lemma span_Un_span: "span (A \<union> span B) = span (A \<union> B)"
proof -
  have "A \<union> span B \<subseteq> span (A \<union> B)"
    using span_mono[of B "A \<union> B"] span_superset[of "A \<union> B"] by blast
  moreover have "A \<union> B \<subseteq> span (A \<union> span B)"
    using span_superset[of "A \<union> span B"] span_superset[of B] by blast
  ultimately show ?thesis
    unfolding span_eq by blast
qed

lemma span_UN_span_singleton: "span (\<Union>x\<in>S. span {x}) = span S"
proof -
  have "(\<Union>x\<in>S. span {x}) \<subseteq> span S"
    using span_mono[of "{_}" S] by blast
  moreover have "S \<subseteq> (\<Union>x\<in>S. span {x})"
    using span_base[of _ "{_}"] by blast
  ultimately show ?thesis
    unfolding span_eq using span_superset by blast
qed

lemma span_insert_subspace: "subspace V \<Longrightarrow> x \<in> V \<Longrightarrow> span (insert x V) = V"
  by (simp add: span_redundant span_base)

lemma span_insert_Int:
  assumes W: "subspace W" and Z: "subspace Z" and z: "z \<in> Z" and ZW: "Z \<subseteq> span (insert z W)"
  shows "span (insert z (Z \<inter> W)) = Z"
proof
  show "span (insert z (Z \<inter> W)) \<subseteq> Z"
    using z Z span_minimal[of "insert z (Z \<inter> W)" Z] by auto
  show "Z \<subseteq> span (insert z (Z \<inter> W))"
  proof
    fix a assume a: "a \<in> Z"
    then obtain k where k: "a - k *s z \<in> W"
      using ZW span_breakdown_eq[of a z W] W by auto
    moreover have "a - k *s z \<in> Z"
      using a z Z by (simp add: subspace_diff subspace_scale)
    ultimately have "a - k *s z \<in> span (Z \<inter> W)"
      using span_base by blast
    then show "a \<in> span (insert z (Z \<inter> W))"
      using span_breakdown_eq by blast
  qed
qed

lemma span_insert_exchange:
  assumes W: "subspace W" and y: "y \<in> span (insert x W)" "y \<notin> W"
  shows "span (insert y W) = span (insert x W)"
proof -
  have "x \<in> span (insert y W)"
    using in_span_insert[of y x W] y W by simp
  then show ?thesis
    using y span_superset[of "insert x W"] span_superset[of "insert y W"]
    unfolding span_eq by blast
qed

end

locale q_matroid = vector_space scale
  for scale :: "'f::field \<Rightarrow> 'v::ab_group_add \<Rightarrow> 'v" (infixr "*s" 75) +
  fixes E :: "'v set" and rho :: "'v set \<Rightarrow> nat"
  assumes qmatroid: "qmatroid scale E rho"
begin

abbreviation subspace_E :: "'v set \<Rightarrow> bool" where
  "subspace_E V \<equiv> subspace V \<and> V \<subseteq> E"

lemma subspace_E_span: "S \<subseteq> E \<Longrightarrow> subspace_E (span S)"
  using qmatroid span_minimal by (auto simp: qmatroid_def)

lemma rho_le_dim: "subspace_E V \<Longrightarrow> rho V \<le> dim V"
  using qmatroid by (simp add: qmatroid_def subspaces_of_def)

lemma rho_mono: "subspace_E V \<Longrightarrow> subspace_E W \<Longrightarrow> V \<subseteq> W \<Longrightarrow> rho V \<le> rho W"
  using qmatroid by (simp add: qmatroid_def subspaces_of_def)

lemma rho_submodular:
  "subspace_E V \<Longrightarrow> subspace_E W \<Longrightarrow> rho (span (V \<union> W)) + rho (V \<inter> W) \<le> rho V + rho W"
  using qmatroid by (simp add: qmatroid_def subspaces_of_def ssum_def)

lemma ssum_span_singleton: "ssum scale V (span {x}) = span (insert x V)"
  using span_Un_span[of V "{x}"] by (simp add: ssum_def)

lemma independent_finite: "independent S \<Longrightarrow> S \<subseteq> E \<Longrightarrow> finite S"
  using qmatroid independent_span_bound by (auto simp: qmatroid_def)

lemma basis_subspace_E:
  assumes "subspace_E V"
  obtains B where "B \<subseteq> V" "independent B" "span B = V" "finite B" "card B = dim V"
proof -
  obtain B where B: "B \<subseteq> V" "independent B" "V \<subseteq> span B" "card B = dim V"
    using basis_exists by blast
  have "span B = V"
    using B assms span_minimal[of B V] span_superset by blast
  moreover have "finite B"
    using B assms independent_finite by blast
  ultimately show ?thesis
    using B that by blast
qed

lemma subspace_E_extend:
  assumes A: "subspace_E A" and V: "subspace_E V" and AV: "A \<subseteq> V"
  obtains T where "finite T" "T \<subseteq> V" "span (A \<union> T) = V" "card T + dim A = dim V"
proof -
  obtain BA where BA: "BA \<subseteq> A" "independent BA" "span BA = A" "finite BA" "card BA = dim A"
    using basis_subspace_E A by blast
  obtain BV where BV: "BA \<subseteq> BV" "BV \<subseteq> V" "independent BV" "V \<subseteq> span BV"
    using maximal_independent_subset_extend[of BA V] BA AV by blast
  have "finite BV"
    using BV V independent_finite by blast
  have "card BV = dim V"
    using BV basis_card_eq_dim by blast
  then have card: "card (BV - BA) + dim A = dim V"
    using BA BV(1) \<open>finite BV\<close> card_Diff_subset card_mono by (metis le_add_diff_inverse2)
  have "span (A \<union> (BV - BA)) = V"
  proof
    show "span (A \<union> (BV - BA)) \<subseteq> V"
      using AV BV V span_minimal[of "A \<union> (BV - BA)" V] by auto
    show "V \<subseteq> span (A \<union> (BV - BA))"
      using BV(4) BA(1) span_mono[of BV "A \<union> (BV - BA)"] by blast
  qed
  then show ?thesis
    using that[of "BV - BA"] \<open>finite BV\<close> BV card by auto
qed

lemma dim_le_subspace_E: "subspace_E A \<Longrightarrow> subspace_E V \<Longrightarrow> A \<subseteq> V \<Longrightarrow> dim A \<le> dim V"
  by (metis subspace_E_extend le_add2)

lemma dim_span_insert:
  assumes S: "subspace_E S" and x: "x \<in> E" "x \<notin> S"
  shows "dim (span (insert x S)) = dim S + 1"
proof -
  obtain B where B: "B \<subseteq> S" "independent B" "span B = S" "finite B" "card B = dim S"
    using basis_subspace_E S by blast
  have "x \<notin> B"
    using B x by auto
  have "independent (insert x B)"
    using B x independent_insertI by auto
  moreover have "span (insert x B) = span (insert x S)"
    using B span_Un_span[of "{x}" B] span_Un_span[of "{x}" S] S by simp
  ultimately have "dim (span (insert x S)) = card (insert x B)"
    by (metis dim_eq_card dim_span)
  then show ?thesis
    using B \<open>x \<notin> B\<close> by simp
qed

lemma rho_span_insert_le:
  assumes V: "subspace_E V" and x: "x \<in> E"
  shows "rho (span (insert x V)) \<le> rho V + 1"
proof -
  have sx: "subspace_E (span {x})"
    using x subspace_E_span by simp
  have "rho (span {x}) \<le> 1"
    using rho_le_dim[OF sx] dim_le_card'[of "{x}"] by simp
  moreover have "rho (span (V \<union> span {x})) \<le> rho V + rho (span {x})"
    using rho_submodular[OF V sx] by linarith
  ultimately show ?thesis
    using span_Un_span[of V "{x}"] by simp
qed

lemma rho_span_Un_le:
  assumes A: "subspace_E A"
  shows "finite T \<Longrightarrow> T \<subseteq> E \<Longrightarrow> rho (span (A \<union> T)) \<le> rho A + card T"
proof (induction T rule: finite_induct)
  case empty
  then show ?case
    using A by simp
next
  case (insert t T)
  have "span (A \<union> insert t T) = span (insert t (span (A \<union> T)))"
    using span_Un_span[of "{t}" "A \<union> T"] by (simp add: Un_commute)
  moreover have "rho (span (insert t (span (A \<union> T)))) \<le> rho (span (A \<union> T)) + 1"
    using insert A by (intro rho_span_insert_le subspace_E_span) auto
  ultimately show ?case
    using insert by simp
qed

lemma rho_le_codim:
  assumes "subspace_E A" "subspace_E V" "A \<subseteq> V"
  shows "rho V + dim A \<le> rho A + dim V"
proof -
  obtain T where T: "finite T" "T \<subseteq> V" "span (A \<union> T) = V" "card T + dim A = dim V"
    using subspace_E_extend assms by blast
  moreover have "rho V \<le> rho A + card T"
    using rho_span_Un_le[OF assms(1) T(1)] T assms by auto
  ultimately show ?thesis
    by linarith
qed

subsection \<open>Flats and closure\<close>

lemma flat_subspace_E: "is_flat scale E rho F \<Longrightarrow> subspace_E F"
  by (simp add: is_flat_def subspaces_of_def)

lemma is_flatI:
  assumes "subspace_E F" "\<And>y. y \<in> E \<Longrightarrow> y \<notin> F \<Longrightarrow> rho F < rho (span (insert y F))"
  shows "is_flat scale E rho F"
  using assms by (simp add: is_flat_def subspaces_of_def ssum_span_singleton)
(* Let $\alpha>0$, $p>0$, $0<\ell<\infty$, and let $f$ be a non-negative measurable function on $(\ell,\infty)$. (a) If $p>1$, then $$\alpha^{p-1}\Big(\int_\ell^\infty f(x)dx\Big)^p+\alpha^p\int_\ell^\infty\Big[\log\frac{xe}{\ell}\Big]^{\alpha p-1}\Big(\int_x^\infty f(y)dy\Big)^p\frac{dx}{x}\le\int_\ell^\infty x^p\Big[\log\frac{xe}{\ell}\Big]^{(1+\alpha)p-1}f^p(x)\frac{dx}{x},$$ and both constants $\alpha^{p-1}$ and $\alpha^p$ are sharp. (b) If $0<p\le1$, the inequality holds in the reversed direction and both constants $\alpha^{p-1}$ and $\alpha^p$ are sharp. *)

theory Defs
  imports "HOL-Analysis.Analysis"
begin

definition epowr :: "ennreal \<Rightarrow> real \<Rightarrow> ennreal" where
  "epowr a r = (if a = \<infinity> then \<infinity> else ennreal (enn2real a powr r))"

definition admissible :: "real \<Rightarrow> (real \<Rightarrow> real) \<Rightarrow> bool" where
  "admissible l f \<longleftrightarrow> set_borel_measurable lebesgue {l<..} f \<and> (\<forall>x>l. 0 \<le> f x)"

definition hardy_lhs :: "real \<Rightarrow> real \<Rightarrow> real \<Rightarrow> real \<Rightarrow> real \<Rightarrow> (real \<Rightarrow> real) \<Rightarrow> ennreal" where
  "hardy_lhs c1 c2 \<alpha> p l f =
     ennreal c1 * epowr (\<integral>\<^sup>+ x\<in>{l<..}. ennreal (f x) \<partial>lebesgue) p
   + ennreal c2 * (\<integral>\<^sup>+ x\<in>{l<..}. ennreal (ln (x * exp 1 / l) powr (\<alpha> * p - 1) / x)
         * epowr (\<integral>\<^sup>+ y\<in>{x<..}. ennreal (f y) \<partial>lebesgue) p \<partial>lebesgue)"
definition uninorm :: "(real \<Rightarrow> real \<Rightarrow> real) \<Rightarrow> bool" where
  "uninorm f \<longleftrightarrow>
     (\<forall>x\<in>{0..1}. \<forall>y\<in>{0..1}. f x y \<in> {0..1}) \<and>
     (\<forall>x\<in>{0..1}. \<forall>y\<in>{0..1}. f x y = f y x) \<and>
     (\<forall>x\<in>{0..1}. \<forall>y\<in>{0..1}. \<forall>z\<in>{0..1}. f (f x y) z = f x (f y z)) \<and>
     (\<forall>x\<in>{0..1}. \<forall>y\<in>{0..1}. \<forall>z\<in>{0..1}. x \<le> y \<longrightarrow> f x z \<le> f y z) \<and>
     (\<exists>e\<in>{0..1}. \<forall>x\<in>{0..1}. f e x = x)"

definition property_B :: "(real \<Rightarrow> real \<Rightarrow> real) \<Rightarrow> bool" where
  "property_B f \<longleftrightarrow>
     (\<forall>x y z w. 0 \<le> x \<and> x \<le> y \<and> y \<le> 1 \<and> 0 \<le> z \<and> z \<le> w \<and> w \<le> 1 \<longrightarrow>
        f x w - f x z \<le> f y w - f y z)"

definition property_A' :: "(real \<Rightarrow> real \<Rightarrow> real) \<Rightarrow> bool" where
  "property_A' f \<longleftrightarrow>
     (\<forall>x y z w. 0 \<le> x \<and> x \<le> y \<and> y \<le> z \<and> z \<le> w \<and> w \<le> 1 \<longrightarrow>
        w + x \<ge> y + z \<longrightarrow> f x w \<ge> f y z)"

definition bigop :: "(real \<Rightarrow> real \<Rightarrow> real) \<Rightarrow> (nat \<Rightarrow> real) \<Rightarrow> nat \<Rightarrow> real" where
  "bigop f a n = foldl f (a 1) (map a [2..<n+1])"

definition rearrangement_ineq ::
  "(real \<Rightarrow> real \<Rightarrow> real) \<Rightarrow> (real \<Rightarrow> real \<Rightarrow> real) \<Rightarrow> bool" where
  "rearrangement_ineq otimes oplus \<longleftrightarrow>
     (\<forall>n::nat. \<forall>x y :: nat \<Rightarrow> real. \<forall>\<sigma>.
        n \<ge> 1 \<longrightarrow>
        (\<forall>i\<in>{1..n}. 0 \<le> x i \<and> x i \<le> 1 \<and> 0 \<le> y i \<and> y i \<le> 1) \<longrightarrow>
        (\<forall>i\<in>{1..n}. \<forall>j\<in>{1..n}. i \<le> j \<longrightarrow> x i \<le> x j \<and> y i \<le> y j) \<longrightarrow>
        \<sigma> permutes {1..n} \<longrightarrow>
        bigop oplus (\<lambda>i. otimes (x (n + 1 - i)) (y i)) n
          \<le> bigop oplus (\<lambda>i. otimes (x (\<sigma> i)) (y i)) n \<and>
        bigop oplus (\<lambda>i. otimes (x (\<sigma> i)) (y i)) n
          \<le> bigop oplus (\<lambda>i. otimes (x i) (y i)) n)"

end

theory Submission
  imports Defs
begin

text \<open>For \<open>a \<le> b\<close> and \<open>c \<le> d\<close>, property B gives
  \<open>(b \<otimes> c) + (a \<otimes> d) \<le> (a \<otimes> c) + (b \<otimes> d)\<close>; as \<open>a \<otimes> c\<close> is the smallest and
  \<open>b \<otimes> d\<close> the largest of the four products, property A' upgrades this to
  \<open>(b \<otimes> c) \<oplus> (a \<otimes> d) \<le> (a \<otimes> c) \<oplus> (b \<otimes> d)\<close>. Since \<open>\<oplus>\<close> is associative, commutative and
  monotone on \<open>[0,1]\<close>, swapping two terms whose \<open>x\<close>-values are in the wrong order never
  decreases the iterated \<open>\<oplus>\<close>. Every permutation is sorted into the identity, and the reversal
  into every permutation, by finitely many such swaps.\<close>

lemma permutes_le_id_by_sorting_swaps:
  fixes F :: "('a::linorder \<Rightarrow> 'a) \<Rightarrow> 'b::preorder"
  assumes "finite A"
    and sorting_swap: "\<And>\<sigma> i j. \<sigma> permutes A \<Longrightarrow> i \<in> A \<Longrightarrow> j \<in> A \<Longrightarrow> i < j \<Longrightarrow> \<sigma> j < \<sigma> i
      \<Longrightarrow> F \<sigma> \<le> F (\<sigma> \<circ> transpose i j)"
    and "\<sigma> permutes A"
  shows "F \<sigma> \<le> F id"
proof -
  have "B \<subseteq> A \<Longrightarrow> \<sigma> permutes B \<Longrightarrow> F \<sigma> \<le> F id" if "finite B" for B \<sigma>
    using that
  proof (induction B arbitrary: \<sigma> rule: finite_linorder_max_induct)
    case empty
    then show ?case by (simp add: permutes_empty)
  next
    case (insert b B)
    \<comment> \<open>One transposition puts the largest point \<open>b\<close> in place, and it sorts the inverted pair \<open>(j, b)\<close>.\<close>
    define j where "j = inv \<sigma> b"
    define \<sigma>' where "\<sigma>' = \<sigma> \<circ> transpose j b"
    have \<sigma>_j: "\<sigma> j = b"
      unfolding j_def using permutes_inverses(1)[OF insert.prems(2)] .
    have j: "j \<in> insert b B"
      unfolding j_def using permutes_in_image[OF permutes_inv[OF insert.prems(2)]] by simp
    have "\<sigma>' permutes insert b B"
      unfolding \<sigma>'_def using insert.prems(2) j by (simp add: permutes_compose permutes_swap_id)
    moreover have "\<sigma>' b = b"
      unfolding \<sigma>'_def using \<sigma>_j by simp
    ultimately have "\<sigma>' permutes B"
      using permutes_superset[of \<sigma>' "insert b B" B] by auto
    then have "F \<sigma>' \<le> F id"
      using insert.IH insert.prems(1) by blast
    have "F \<sigma> \<le> F \<sigma>'"
    proof (cases "j = b")
      case True
      then show ?thesis unfolding \<sigma>'_def by simp
    next
      case False
      with j insert.hyps(2) have "j < b" by auto
      have "\<sigma> b \<in> insert b B"
        using permutes_in_image[OF insert.prems(2)] by simp
      moreover have "\<sigma> b \<noteq> b"
        using False \<sigma>_j permutes_inj[OF insert.prems(2)] by (metis injD)
      ultimately have "\<sigma> b < \<sigma> j"
        using insert.hyps(2) \<sigma>_j by auto
      then show ?thesis
        unfolding \<sigma>'_def using sorting_swap insert.prems \<open>j < b\<close> j
        by (meson insertI1 permutes_subset subsetD)
    qed
    also note \<open>F \<sigma>' \<le> F id\<close>
    finally show ?case .
  qed
  then show ?thesis using assms by blast
qed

──────────

__What the exercise asks__.
With the first line of the records as the start and the line holding "S] by blast" as the end, please copy exactly those lines and no others.

__Solved problem__.
lemma span_Un_span: "span (A \<union> span B) = span (A \<union> B)"
proof -
  have "A \<union> span B \<subseteq> span (A \<union> B)"
    using span_mono[of B "A \<union> B"] span_superset[of "A \<union> B"] by blast
  moreover have "A \<union> B \<subseteq> span (A \<union> span B)"
    using span_superset[of "A \<union> span B"] span_superset[of B] by blast
  ultimately show ?thesis
    unfolding span_eq by blast
qed

lemma span_UN_span_singleton: "span (\<Union>x\<in>S. span {x}) = span S"
proof -
  have "(\<Union>x\<in>S. span {x}) \<subseteq> span S"
    using span_mono[of "{_}" S] by blast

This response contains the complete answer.